Exercise requirements
Each line from the one that contains "(\<forall>s t. 0" through the end of the entries should be repeated exactly, with nothing added.

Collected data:
###

(* In the setting of the context, suppose $d\ge K_*$ and $0<T\le e^{c_*d/2}$. For $x_0\in\mathbb{R}^d$ let $X_t(x_0)$ solve $\mathrm{d}X_t=\hat s(X_t)\,\mathrm{d}t+\sqrt2\,\mathrm{d}B_t$, $X_0=x_0$, and let $\tau(x_0)=\inf\{t\ge0:\|X_t(x_0)\|\ge 4\sqrt d\}$. If $\|x_0\|\le 1.1\sqrt d$, then $\mathbb{P}(\tau(x_0)>T)\ge 1-3\alpha e^{-c_* d}$.
   Context: $c_*>0$, $K_*>0$, $\alpha_*\ge1$ are universal constants such that: whenever $d\ge K_*$, $0<T\le e^{c_*d/2}$, $\alpha\ge\alpha_*$ and $B$ is a standard Brownian motion in $\mathbb{R}^d$, $\mathbb{P}(\sup_{t\in[0,T]}\|\int_0^t e^{-\alpha(t-s)}\mathrm{d}B_s\|>0.1\sqrt d)\le 3\alpha e^{-c_*d}$. Set $\alpha=\alpha_*$. $\rho:\mathbb{R}\to[0,1]$ is a fixed smooth function with $\rho(r)=1$ for $r\le4$, $\rho(r)=0$ for $r\ge5$, $|\rho'|\le H$ (universal). For $\mu\in\mathbb{R}^d$ with $\|\mu\|=7\sqrt d$, $\hat s(x)=-\alpha x$ if $\|x\|\le4\sqrt d$, $\hat s(x)=-(x-\mu)$ if $\|x\|\ge5\sqrt d$, and $\hat s(x)=-\rho(\|x\|/\sqrt d)\alpha x-(1-\rho(\|x\|/\sqrt d))(x-\mu)$ otherwise. $B$ is a standard $d$-dimensional Brownian motion. *)

theory Defs
  imports "HOL-Analysis.Analysis" "HOL-Probability.Probability"
begin

definition std_BM :: "'a measure \<Rightarrow> (real \<Rightarrow> 'a \<Rightarrow> real^'n) \<Rightarrow> bool" where
  "std_BM M B \<longleftrightarrow> prob_space M \<and>
     (\<forall>t. B t \<in> borel_measurable M) \<and>
     (\<forall>\<omega>\<in>space M. B 0 \<omega> = 0 \<and> continuous_on {0..} (\<lambda>t. B t \<omega>)) \<and>
     (\<forall>s t. 0 \<le> s \<and> s < t \<longrightarrow>
        (\<forall>i. distributed M lborel (\<lambda>\<omega>. (B t \<omega> - B s \<omega>) $ i)
                 (\<lambda>x. ennreal (normal_density 0 (sqrt (t - s)) x))) \<and>
        prob_space.indep_vars M (\<lambda>_. borel) (\<lambda>i \<omega>. (B t \<omega> - B s \<omega>) $ i) UNIV) \<and>
     (\<forall>(k::nat) (tt::nat \<Rightarrow> real). 0 \<le> tt 0 \<and> (\<forall>i<k. tt i \<le> tt (Suc i)) \<longrightarrow>
        prob_space.indep_vars M (\<lambda>_. borel) (\<lambda>i \<omega>. B (tt (Suc i)) \<omega> - B (tt i) \<omega>) {..<k})"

###

Answer area
     (\<forall>s t. 0 \<le> s \<and> s < t \<longrightarrow>
        (\<forall>i. distributed M lborel (\<lambda>\<omega>. (B t \<omega> - B s \<omega>) $ i)
                 (\<lambda>x. ennreal (normal_density 0 (sqrt (t - s)) x))) \<and>
        prob_space.indep_vars M (\<lambda>_. borel) (\<lambda>i \<omega>. (B t \<omega> - B s \<omega>) $ i) UNIV) \<and>
     (\<forall>(k::nat) (tt::nat \<Rightarrow> real). 0 \<le> tt 0 \<and> (\<forall>i<k. tt i \<le> tt (Suc i)) \<longrightarrow>
        prob_space.indep_vars M (\<lambda>_. borel) (\<lambda>i \<omega>. B (tt (Suc i)) \<omega> - B (tt i) \<omega>) {..<k})"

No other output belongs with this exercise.